Ce chapitre a décliné en quoi les mécanismes de consultation développés par l’administration municipale et les élus sont des freins majeurs à une contribution significative des associations de résidents aux questions d’aménagement du territoire et d’urbanisme. Les participants à l’enquête de terrain étaient unanimes : les savoirs et les compétences des associations de résidents ne sont pas sollicités à leur plein potentiel par l’administration municipale et ce, pour plusieurs raisons. D’abord, les élus et les fonctionnaires exercent un grand contrôle sur les activités de participation publique. Celles-ci sont très dirigées et ne laissent que très peu de place à l’innovation et à la créativité. Les participants n’ont pas l’occasion de se prononcer sur les enjeux qui les touchent, mais bien sur les thématiques qui ont été choisies et prédéfinies par l’administration. La formule de plus en plus privilégiée semble être l’assemblée publique, où l’exercice s’apparente davantage à de la validation qu’à de la consultation. Ensuite, il y a un important phénomène de méfiance envers les citoyens et les groupes de la société civile. En effet, l’administration et les élus doutent de la capacité des associations de résidents à se positionner en faveur de l’intérêt général. On leur associe souvent le syndrome du pas dans ma cour. Finalement, la faible volonté d’intégrer les associations de résidents dans un dialogue continu se manifeste de plusieurs façons.

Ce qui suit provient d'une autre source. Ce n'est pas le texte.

lemma smooth_within_Icc_twice_differentiable:
  assumes "smooth_within f {p..q}"
  obtains f1 f2 where
    "\<And>x. x \<in> {p..q} \<Longrightarrow> (f has_real_derivative f1 x) (at x within {p..q})"
    "\<And>x. x \<in> {p..q} \<Longrightarrow> (f1 has_real_derivative f2 x) (at x within {p..q})"
    "\<And>x. x \<in> {p<..<q} \<Longrightarrow> deriv (deriv f) x = f2 x"
proof -
  obtain D where D0: "\<forall>x\<in>{p..q}. D 0 x = f x"
    and D: "\<forall>n. \<forall>x\<in>{p..q}. (D n has_real_derivative D (Suc n) x) (at x within {p..q})"
    using assms unfolding smooth_within_def by blast
  have f1: "(f has_real_derivative D 1 x) (at x within {p..q})" if "x \<in> {p..q}" for x
    by (rule has_field_derivative_transform_within[of "D 0" _ x _ 1]) (use D D0 that in auto)
  have f2: "(D 1 has_real_derivative D 2 x) (at x within {p..q})" if "x \<in> {p..q}" for x
    using D that by (metis One_nat_def Suc_1)
  have "deriv (deriv f) x = D 2 x" if x: "x \<in> {p<..<q}" for x
  proof -
    have deriv_f: "deriv f y = D 1 y" if "y \<in> {p<..<q}" for y
      using f1[of y] that at_within_Icc_at[of p y q] by (auto intro: DERIV_imp_deriv)
    have "(deriv f has_real_derivative D 2 x) (at x)"
      by (rule has_field_derivative_transform_within_open[of "D 1" _ x "{p<..<q}"])
        (use f2[of x] x at_within_Icc_at[of p x q] deriv_f in auto)
    then show ?thesis
      by (rule DERIV_imp_deriv)
  qed
  then show ?thesis
    using that f1 f2 by blast
qed

lemma deriv_deriv_eq_0_if_locally_constant:
  fixes f :: "real \<Rightarrow> real"
  assumes "open T" "x \<in> T" "\<And>z. z \<in> T \<Longrightarrow> f z = k"
  shows "deriv (deriv f) x = 0"
proof -
  have "deriv f z = 0" if "z \<in> T" for z
  proof -
    have "eventually (\<lambda>y. f y = k) (nhds z)"
      using assms(1,3) that eventually_nhds by blast
    then show ?thesis
      by (simp add: deriv_cong_ev[of f "\<lambda>_. k" z z])
  qed
  then have "eventually (\<lambda>y. deriv f y = 0) (nhds x)"
    using assms(1,2) eventually_nhds by blast
  then show ?thesis
    by (simp add: deriv_cong_ev[of "deriv f" "\<lambda>_. 0" x x])
qed

lemma Icc_left_endpoint_minimum_imp_deriv_nonneg:
  fixes f :: "real \<Rightarrow> real"
  assumes "p < q" and f: "(f has_real_derivative d) (at p within {p..q})"
    and min: "\<And>x. x \<in> {p<..<q} \<Longrightarrow> f p \<le> f x"
  shows "0 \<le> d"
proof -
  have "((\<lambda>y. (f y - f p) / (y - p)) \<longlongrightarrow> d) (at_right p)"
    using f \<open>p < q\<close> unfolding has_field_derivative_iff by (simp add: at_within_Icc_at_right)
  moreover have "eventually (\<lambda>y. 0 \<le> (f y - f p) / (y - p)) (at_right p)"
    unfolding eventually_at_right_field using \<open>p < q\<close> min by (intro exI[of _ q]) auto
  ultimately show ?thesis
    by (rule tendsto_lowerbound) simp
qed

lemma second_order_mean_value_left:
  fixes w w1 w2 :: "real \<Rightarrow> real"
  assumes "p < s"
    and w1: "\<And>x. x \<in> {p..s} \<Longrightarrow> (w has_real_derivative w1 x) (at x within {p..s})"
    and w2: "\<And>x. x \<in> {p..s} \<Longrightarrow> (w1 has_real_derivative w2 x) (at x within {p..s})"
    and "w p = 0" "w1 p = 0"
  shows "\<exists>\<eta>\<in>{p<..<s}. \<exists>k\<in>{0..(s - p)\<^sup>2}. w s = k * w2 \<eta>"
proof -
  have "\<exists>\<xi>\<in>{p<..<s}. w s - w p = w1 \<xi> * (s - p)"
    by (rule mvt_simple[OF \<open>p < s\<close>, of w "\<lambda>x. (*) (w1 x)"])
      (use w1 in \<open>simp add: has_field_derivative_def\<close>)
  then obtain \<xi> where \<xi>: "\<xi> \<in> {p<..<s}" "w s - w p = w1 \<xi> * (s - p)"
    by blast
  then have "\<exists>\<eta>\<in>{p<..<\<xi>}. w1 \<xi> - w1 p = w2 \<eta> * (\<xi> - p)"
  proof (intro mvt_simple[of p \<xi> w1 "\<lambda>x. (*) (w2 x)"])
    show "(w1 has_derivative (*) (w2 x)) (at x within {p..\<xi>})" if "p \<le> x" "x \<le> \<xi>" for x
      using DERIV_subset[OF w2[of x], of "{p..\<xi>}"] that \<xi>(1)
      unfolding has_field_derivative_def by simp
  qed simp
  then obtain \<eta> where \<eta>: "\<eta> \<in> {p<..<\<xi>}" "w1 \<xi> - w1 p = w2 \<eta> * (\<xi> - p)"
    by blast
  define k where "k = (\<xi> - p) * (s - p)"
  have "k \<in> {0..(s - p)\<^sup>2}"
    using \<xi>(1) mult_right_mono[of "\<xi> - p" "s - p" "s - p"] by (simp add: k_def power2_eq_square)
  moreover have "w s = k * w2 \<eta>"
    using \<xi>(2) \<eta>(2) \<open>w p = 0\<close> \<open>w1 p = 0\<close> by (simp add: k_def)
  moreover have "\<eta> \<in> {p<..<s}"
    using \<eta>(1) \<xi>(1) by simp
  ultimately show ?thesis
    by blast
qed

D’abord, les activités de participation qui ne sont pas prévues par la loi sont peu nombreuses. Dans celles qui sont prévues par la loi, la Ville ne va pas plus loin que les exigences minimales requises. Ensuite, le manque de ressources affectées à l’organisation d’activités de consultation et de participation est flagrant. Le Service de la Planification stratégique de la Ville de Gatineau, 4e ville en importance au Québec en matière de population, ne compte

qu’un seul chargé de projet. Cet employé n’a aucun lien direct avec les associations de résidents, tout comme les fonctionnaires du Service d’Urbanisme et de Développement durable.

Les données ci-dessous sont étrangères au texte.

lemma row_comb_diff:
  "row_comb n j i (\<lambda>c. v c - w c) X = row_comb n j i v X - row_comb n j i w X"
  by (simp add: row_comb_def algebra_simps sum_subtractf)

lemma row_comb_unit: "a < n \<Longrightarrow> row_comb n j i (\<lambda>c. of_bool (c = a)) X = X ! j $$ (i,a)"
proof -
  assume "a < n"
  have "row_comb n j i (\<lambda>c. of_bool (c = a)) X = (\<Sum>c<n. if c = a then X ! j $$ (i,c) else 0)"
    unfolding row_comb_def by (rule sum.cong) auto
  with \<open>a < n\<close> show ?thesis
    by simp
qed

lemma common_eigvec_unit:
  "a < n \<Longrightarrow> common_eigvec g n H (\<lambda>c. of_bool (c = a)) h \<longleftrightarrow>
     (\<forall>j<g. \<forall>i<n. H ! j $$ (i,a) = of_bool (i = a) * h ! j $$ (0,0))"
  by (simp add: common_eigvec_def row_comb_unit)

lemma common_eigvec_unit_diff:
  "a < n \<Longrightarrow> b < n \<Longrightarrow> common_eigvec g n H (\<lambda>c. of_bool (c = b) - of_bool (c = a)) (tzero g 1) \<longleftrightarrow>
     (\<forall>j<g. \<forall>i<n. H ! j $$ (i,b) = H ! j $$ (i,a))"
  by (simp add: common_eigvec_def row_comb_diff row_comb_unit tzero_def)

definition ttrunc :: "nat \<Rightarrow> nat \<Rightarrow> complex mat list \<Rightarrow> (nat \<times> nat \<times> nat) set \<Rightarrow> complex mat list" where
  "ttrunc g n X S = map (\<lambda>j. mat n n (\<lambda>(i,c). if (j,i,c) \<in> S then X ! j $$ (i,c) else 0)) [0..<g]"

lemma ttrunc_level: "ttrunc g n X S \<in> level g n"
  by (auto simp: ttrunc_def level_def)

lemma ttrunc_empty: "ttrunc g n X {} = tzero g n"
  by (rule nth_equalityI) (auto simp: ttrunc_def tzero_def intro!: eq_matI)

lemma ttrunc_full: "X \<in> level g n \<Longrightarrow> ttrunc g n X ({..<g} \<times> {..<n} \<times> {..<n}) = X"
  by (rule nth_equalityI) (auto simp: ttrunc_def level_def intro!: eq_matI)

lemma ttrunc_insert:
  assumes "(k,a,b) \<notin> S" "k < g"
  shows "ttrunc g n X (insert (k,a,b) S) = tadd (ttrunc g n X S) (tscale (X ! k $$ (a,b)) (elem_tup g n k a b))"
  by (rule nth_equalityI)
     (use assms in \<open>auto simp: ttrunc_def tadd_def tscale_def elem_tup_def intro!: eq_matI\<close>)

lemma tlinear_ttrunc_entry:
  assumes L: "tlinear g n L"
    and elem: "\<And>k a b j i c. k < g \<Longrightarrow> a < n \<Longrightarrow> b < n \<Longrightarrow> j < g \<Longrightarrow> i < n \<Longrightarrow> c < n \<Longrightarrow>
       L (elem_tup g n k a b) ! j $$ (i,c) = (if i = a \<and> c = b then A j k else 0)"
    and S: "finite S" "S \<subseteq> {..<g} \<times> {..<n} \<times> {..<n}"
    and j: "j < g" and i: "i < n" and c: "c < n"
  shows "L (ttrunc g n X S) ! j $$ (i,c) = (\<Sum>k<g. A j k * (if (k,i,c) \<in> S then X ! k $$ (i,c) else 0))"
  using S
proof (induction S rule: finite_subset_induct)
  case empty
  show ?case
    unfolding ttrunc_empty tlinear_tzero[OF L] using j i c by (simp add: tzero_def)
next
  case (insert t S)
  obtain k a b where t: "t = (k,a,b)" and k: "k < g" and a: "a < n" and b: "b < n"
    using insert(2) by auto
  have new: "(k,a,b) \<notin> S"
    using insert(3) t by simp
  define x where "x = X ! k $$ (a,b)"
  have "L (ttrunc g n X (insert t S)) = tadd (L (ttrunc g n X S)) (tscale x (L (elem_tup g n k a b)))"
    using L unfolding t ttrunc_insert[OF new k] x_def
    by (simp add: tlinear_def ttrunc_level elem_tup_level tscale_level)
  moreover have Y: "L (ttrunc g n X S) \<in> level g n" and E: "L (elem_tup g n k a b) \<in> level g n"
    using L ttrunc_level elem_tup_level by (blast intro: tlinear_level)+
  ultimately have "L (ttrunc g n X (insert t S)) ! j $$ (i,c)
      = L (ttrunc g n X S) ! j $$ (i,c) + x * L (elem_tup g n k a b) ! j $$ (i,c)"
    using j i c level_nth[OF Y j] level_nth[OF E j]
    by (simp add: tadd_nth tscale_nth level_length[OF Y] level_length[OF E] tscale_def)
  also have "\<dots> = (\<Sum>k'<g. A j k' * (if (k',i,c) \<in> S then X ! k' $$ (i,c) else 0))
      + (\<Sum>k'<g. if k' = k then (if i = a \<and> c = b then A j k' * X ! k' $$ (i,c) else 0) else 0)"
    using insert(4) elem[OF k a b j i c] k by (simp add: x_def)
  also have "\<dots> = (\<Sum>k'<g. A j k' * (if (k',i,c) \<in> insert t S then X ! k' $$ (i,c) else 0))"
    unfolding sum.distrib[symmetric] by (rule sum.cong) (use new in \<open>auto simp: t\<close>)
  finally show ?case .
qed

lemma tlinear_entry_expansion:
  assumes L: "tlinear g n L"
    and elem: "\<And>k a b j i c. k < g \<Longrightarrow> a < n \<Longrightarrow> b < n \<Longrightarrow> j < g \<Longrightarrow> i < n \<Longrightarrow> c < n \<Longrightarrow>
       L (elem_tup g n k a b) ! j $$ (i,c) = (if i = a \<and> c = b then A j k else 0)"
    and X: "X \<in> level g n" and j: "j < g" and i: "i < n" and c: "c < n"
  shows "L X ! j $$ (i,c) = (\<Sum>k<g. A j k * X ! k $$ (i,c))"
  using tlinear_ttrunc_entry[OF L elem finite_SigmaI subset_refl j i c, of X] ttrunc_full[OF X] i c
  by simp

lemma tampl_entry:
  assumes X: "X \<in> level g n" and j: "j < g"
  shows "tampl g n T X ! j \<in> carrier_mat n n"
    and "i < n \<Longrightarrow> c < n \<Longrightarrow> tampl g n T X ! j $$ (i,c) = (\<Sum>k<g. T (unit_tup g k) ! j $$ (0,0) * X ! k $$ (i,c))"
proof -
  let ?a = "\<lambda>k. T (unit_tup g k) ! j $$ (0,0)"
  have fold: "foldr (\<lambda>k B. ?a k \<cdot>\<^sub>m X ! k + B) ks (0\<^sub>m n n) \<in> carrier_mat n n \<and>
      (\<forall>i<n. \<forall>c<n. foldr (\<lambda>k B. ?a k \<cdot>\<^sub>m X ! k + B) ks (0\<^sub>m n n) $$ (i,c)
         = (\<Sum>k\<leftarrow>ks. ?a k * X ! k $$ (i,c)))"
    if "\<forall>k\<in>set ks. k < g" for ks
    using that by (induction ks) (auto dest: level_nth[OF X])
  have tampl: "tampl g n T X ! j = foldr (\<lambda>k B. ?a k \<cdot>\<^sub>m X ! k + B) [0..<g] (0\<^sub>m n n)"
    using j by (simp add: tampl_def)
  show "tampl g n T X ! j \<in> carrier_mat n n"
    unfolding tampl using fold[of "[0..<g]"] by simp
  show "tampl g n T X ! j $$ (i,c) = (\<Sum>k<g. ?a k * X ! k $$ (i,c))" if "i < n" "c < n"
    unfolding tampl using fold[of "[0..<g]"] that
    by (simp add: sum_set_upt_conv_sum_list_nat[symmetric] atLeast0LessThan)
qed

locale common_eigvec_preserving =
  fixes g n :: nat and L L1 :: "complex mat list \<Rightarrow> complex mat list"
  assumes tlinear: "tlinear g n L" and tlinear1: "tlinear g 1 L1"
    and preserves: "\<And>H h w. H \<in> level g n \<Longrightarrow> h \<in> level g 1 \<Longrightarrow> common_eigvec g n H w h \<Longrightarrow>
        common_eigvec g n (L H) w (L1 h)"
begin

lemma elem_tup_image_off_column:
  assumes "c \<noteq> b" "c < n" "j < g" "i < n"
  shows "L (elem_tup g n k a b) ! j $$ (i,c) = 0"
proof -
  have "common_eigvec g n (elem_tup g n k a b) (\<lambda>c'. of_bool (c' = c)) (tzero g 1)"
    using assms by (simp add: common_eigvec_unit elem_tup_entry tzero_def)
  then have "common_eigvec g n (L (elem_tup g n k a b)) (\<lambda>c'. of_bool (c' = c)) (tzero g 1)"
    using preserves elem_tup_level tzero_level tlinear_tzero[OF tlinear1] by metis
  then show ?thesis
    using assms by (simp add: common_eigvec_unit tzero_def)
qed

lemma elem_tup_image_diag:
  assumes "a < n" "j < g" "i < n"
  shows "L (elem_tup g n k a a) ! j $$ (i,a) = of_bool (i = a) * L1 (unit_tup g k) ! j $$ (0,0)"
proof -
  have "unit_tup g k \<in> level g 1"
    by (auto simp: unit_tup_def level_def)
  moreover have "common_eigvec g n (elem_tup g n k a a) (\<lambda>c. of_bool (c = a)) (unit_tup g k)"
    using assms by (simp add: common_eigvec_unit elem_tup_entry unit_tup_def)
  ultimately have "common_eigvec g n (L (elem_tup g n k a a)) (\<lambda>c. of_bool (c = a)) (L1 (unit_tup g k))"
    using preserves elem_tup_level by blast
  then show ?thesis
    using assms by (simp add: common_eigvec_unit)
qed

lemma elem_tup_image_column:
  assumes a: "a < n" and b: "b < n" and j: "j < g" and i: "i < n"
  shows "L (elem_tup g n k a b) ! j $$ (i,b) = L (elem_tup g n k a a) ! j $$ (i,a)"
proof (cases "a = b")
  case False
  define M where "M = tadd (elem_tup g n k a a) (elem_tup g n k a b)"
  have "L M = tadd (L (elem_tup g n k a a)) (L (elem_tup g n k a b))"
    using tlinear elem_tup_level by (simp add: M_def tlinear_def)
  then have LM: "L M ! j = L (elem_tup g n k a a) ! j + L (elem_tup g n k a b) ! j"
    using j by (simp add: tadd_nth level_length[OF tlinear_level[OF tlinear elem_tup_level]])
  have "M \<in> level g n"
    by (simp add: M_def tadd_level elem_tup_level)
  moreover have "common_eigvec g n M (\<lambda>c. of_bool (c = b) - of_bool (c = a)) (tzero g 1)"
    using a b by (simp add: common_eigvec_unit_diff M_def tadd_nth elem_tup_def del: One_nat_def)
  ultimately have "common_eigvec g n (L M) (\<lambda>c. of_bool (c = b) - of_bool (c = a)) (tzero g 1)"
    using preserves tzero_level tlinear_tzero[OF tlinear1] by metis
  then have "L M ! j $$ (i,b) = L M ! j $$ (i,a)"
    using a b j i by (simp add: common_eigvec_unit_diff del: One_nat_def)
  moreover have "L (elem_tup g n k a a) ! j \<in> carrier_mat n n" "L (elem_tup g n k a b) ! j \<in> carrier_mat n n"
    using j tlinear elem_tup_level tlinear_level level_nth by blast+
  ultimately show ?thesis
    using elem_tup_image_off_column[of b a] elem_tup_image_off_column[of a b] False a b i j
    by (simp add: LM)
qed simp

Les agents de développement des communautés ainsi que les cadres de soutien de la Ville de Gatineau ressortent comme des éléments qui facilitent grandement le fonctionnement des associations de résidents. En effet, par le soutien continu des agents et les subventions municipales, les associations de résidents sont en mesure d’organiser des activités qui répondent à leurs objectifs. Par contre, les agents de développement des communautés n’ont pas de formation en urbanisme et leurs connaissances sur le sujet sont plutôt limitées, selon leurs propres aveux.

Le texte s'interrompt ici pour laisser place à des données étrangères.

text \<open>Generated in ranks \<le> d: an epimorphism (= levelwise surjective natural transformation)
onto V from a disjoint union of representables Hom(m_j,-), m_j \<le> d.  The index set is
taken inside the type nat \<times> 'a, which is large enough (at most |\<coprod>_n V n| generators are ever
needed).\<close>
definition set_generated_le ::
  "(nat \<Rightarrow> 'g monoid) \<Rightarrow> (nat \<Rightarrow> nat \<Rightarrow> 'g \<Rightarrow> 'g \<Rightarrow> 'g) \<Rightarrow>
   (nat \<Rightarrow> 'a set) \<Rightarrow> (nat \<Rightarrow> nat \<Rightarrow> 'g set \<Rightarrow> 'a \<Rightarrow> 'a) \<Rightarrow> nat \<Rightarrow> bool" where
  "set_generated_le G oplus V F d \<longleftrightarrow>
     (\<exists>(J :: (nat \<times> 'a) set) mj \<eta>. (\<forall>j\<in>J. mj j \<le> d) \<and> rep_nat G oplus J mj V F \<eta>
        \<and> (\<forall>n. V n \<subseteq> \<eta> n ` rep_basis G oplus J mj n))"

text \<open>Image of the map (\<Sigma>V)_n = G_n \<times>_{G_{n-1}} V_{n-1} \<rightarrow> V_n, [g,x] \<mapsto> g \<cdot> V(id_{n-1} \<oplus> \<iota>_1)(x).\<close>
definition set_sigma_image ::
  "(nat \<Rightarrow> 'g monoid) \<Rightarrow> (nat \<Rightarrow> nat \<Rightarrow> 'g \<Rightarrow> 'g \<Rightarrow> 'g) \<Rightarrow> (nat \<Rightarrow> nat \<Rightarrow> 'g) \<Rightarrow>
   (nat \<Rightarrow> 'a set) \<Rightarrow> (nat \<Rightarrow> nat \<Rightarrow> 'g set \<Rightarrow> 'a \<Rightarrow> 'a) \<Rightarrow> nat \<Rightarrow> 'a set" where
  "set_sigma_image G oplus b V F n =
     {F n n (umor G oplus n n g) (F (n - 1) n (id_oplus_iota1 G oplus b n) x) | g x.
        g \<in> carrier (G n) \<and> x \<in> V (n - 1)}"

definition left_module :: "('r, 'z) ring_scheme \<Rightarrow> ('r, 'm) module \<Rightarrow> bool" where
  "left_module R M \<longleftrightarrow> ring R \<and> abelian_group M \<and> module_axioms R M"

definition linear_map :: "('r, 'z) ring_scheme \<Rightarrow> ('r, 'm) module \<Rightarrow> ('r, 'm) module \<Rightarrow> ('m \<Rightarrow> 'm) \<Rightarrow> bool" where
  "linear_map R M N h \<longleftrightarrow>
     (\<forall>x \<in> carrier M. h x \<in> carrier N)
   \<and> (\<forall>x \<in> carrier M. \<forall>y \<in> carrier M. h (x \<oplus>\<^bsub>M\<^esub> y) = h x \<oplus>\<^bsub>N\<^esub> h y)
   \<and> (\<forall>a \<in> carrier R. \<forall>x \<in> carrier M. h (a \<odot>\<^bsub>M\<^esub> x) = a \<odot>\<^bsub>N\<^esub> h x)"

definition mod_functor ::
  "(nat \<Rightarrow> 'g monoid) \<Rightarrow> (nat \<Rightarrow> nat \<Rightarrow> 'g \<Rightarrow> 'g \<Rightarrow> 'g) \<Rightarrow> ('r, 'z) ring_scheme \<Rightarrow>
   (nat \<Rightarrow> ('r, 'm) module) \<Rightarrow> (nat \<Rightarrow> nat \<Rightarrow> 'g set \<Rightarrow> 'm \<Rightarrow> 'm) \<Rightarrow> bool" where
  "mod_functor G oplus R V F \<longleftrightarrow>
     (\<forall>n. left_module R (V n))
   \<and> (\<forall>k n C. C \<in> uhom G oplus k n \<longrightarrow> linear_map R (V k) (V n) (F k n C))
   \<and> set_functor G oplus (\<lambda>n. carrier (V n)) F"

text \<open>Generated in ranks \<le> d: an epimorphism \<bigoplus>_{j \<in> J} R Hom(m_j,-) \<Rightarrow> V with m_j \<le> d.
Such a natural transformation is the R-linear extension of a natural map \<eta> on the basis
\<coprod>_j Hom(m_j,-); it is an epimorphism iff in each rank the image of the linear extension,
i.e. the set of finite R-linear combinations of basis images, is all of V n.\<close>
definition mod_generated_le ::
  "(nat \<Rightarrow> 'g monoid) \<Rightarrow> (nat \<Rightarrow> nat \<Rightarrow> 'g \<Rightarrow> 'g \<Rightarrow> 'g) \<Rightarrow> ('r, 'z) ring_scheme \<Rightarrow>
   (nat \<Rightarrow> ('r, 'm) module) \<Rightarrow> (nat \<Rightarrow> nat \<Rightarrow> 'g set \<Rightarrow> 'm \<Rightarrow> 'm) \<Rightarrow> nat \<Rightarrow> bool" where
  "mod_generated_le G oplus R V F d \<longleftrightarrow>
     (\<exists>(J :: (nat \<times> 'm) set) mj \<eta>. (\<forall>j\<in>J. mj j \<le> d)
        \<and> rep_nat G oplus J mj (\<lambda>n. carrier (V n)) F \<eta>
        \<and> (\<forall>n. carrier (V n) \<subseteq>
             {finsum (V n) (\<lambda>t. c t \<odot>\<^bsub>V n\<^esub> \<eta> n t) T | T c.
                finite T \<and> T \<subseteq> rep_basis G oplus J mj n \<and> c \<in> T \<rightarrow> carrier R}))"

text \<open>Image of the map (\<Sigma>V)_n = RG_n \<otimes>_{RG_{n-1}} V_{n-1} \<rightarrow> V_n,
g \<otimes> x \<mapsto> g \<cdot> V(id_{n-1} \<oplus> \<iota>_1)(x): the finite sums of images of elementary tensors.\<close>
definition mod_sigma_image ::
  "(nat \<Rightarrow> 'g monoid) \<Rightarrow> (nat \<Rightarrow> nat \<Rightarrow> 'g \<Rightarrow> 'g \<Rightarrow> 'g) \<Rightarrow> (nat \<Rightarrow> nat \<Rightarrow> 'g) \<Rightarrow>
   (nat \<Rightarrow> ('r, 'm) module) \<Rightarrow> (nat \<Rightarrow> nat \<Rightarrow> 'g set \<Rightarrow> 'm \<Rightarrow> 'm) \<Rightarrow> nat \<Rightarrow> 'm set" where
  "mod_sigma_image G oplus b V F n =
     {finsum (V n) (\<lambda>i. F n n (umor G oplus n n (g i)) (F (n - 1) n (id_oplus_iota1 G oplus b n) (x i))) {..<(k::nat)}
        | k g x. (\<forall>i<k. g i \<in> carrier (G n) \<and> x i \<in> carrier (V (n - 1)))}"

end

theory Submission
  imports Defs
begin

text \<open>
Up to the action of G (n+1), the morphism id_n \<oplus> \<iota>_1 is just some morphism n \<rightarrow> n+1, and
all morphisms n \<rightarrow> n+1 form a single G (n+1)-orbit; so the image of (\<Sigma>V)_{n+1} \<rightarrow> V_{n+1}
consists of the elements (sums of elements, for modules) that come from V_n along a morphism.
A generator in rank m \<le> d reaches rank n+1 > d through rank n, which gives one direction.
Conversely, if everything above rank d comes from one rank lower, induction on n shows that
the elements F C x with x \<in> V_m, m \<le> d, exhaust (span) V_n, so the canonical map from
\<coprod>_{m \<le> d, x \<in> V_m} Hom(m, -) is an epimorphism.
\<close>

lemma stability_groupoid_facts:
  assumes "stability_groupoid G oplus"
  shows stability_group: "group (G n)"
    and stability_oplus_closed:
      "g \<in> carrier (G m) \<Longrightarrow> h \<in> carrier (G n) \<Longrightarrow> oplus m n g h \<in> carrier (G (m + n))"
    and stability_oplus_one: "oplus m n \<one>\<^bsub>G m\<^esub> \<one>\<^bsub>G n\<^esub> = \<one>\<^bsub>G (m + n)\<^esub>"
    and stability_oplus_one_left: "h \<in> carrier (G n) \<Longrightarrow> oplus 0 n \<one>\<^bsub>G 0\<^esub> h = h"
  using assms unfolding stability_groupoid_def by auto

Ainsi, l’offre institutionnelle de participation semble essentiellement pour valider des décisions prises derrière des portes closes et n’aurait pas comme objectif premier de créer des projets à l’image de la population gatinoise en profitant de l’expertise citoyenne. Du côté de la demande sociale de participation, les associations de résidents insistent pour être incluses dans le processus décisionnel sous prétexte qu’elles représentent les citoyens et qu’elles détiennent l’expertise du territoire réel. Il y a donc un hiatus important entre les objectifs visés par l’administration municipale et les aspirations des associations de résidents en termes de participation, ce qui fait écho aux travaux de Nabatchi et Leighninger (2015), selon lesquels les infrastructures de participation citoyenne auxquelles sont conviées les comités de citoyens ne sont ni adaptées ni adéquates pour répondre à leurs besoins et à leurs aspirations et qu’elles répondraient en fait aux aspirations des administrations publiques.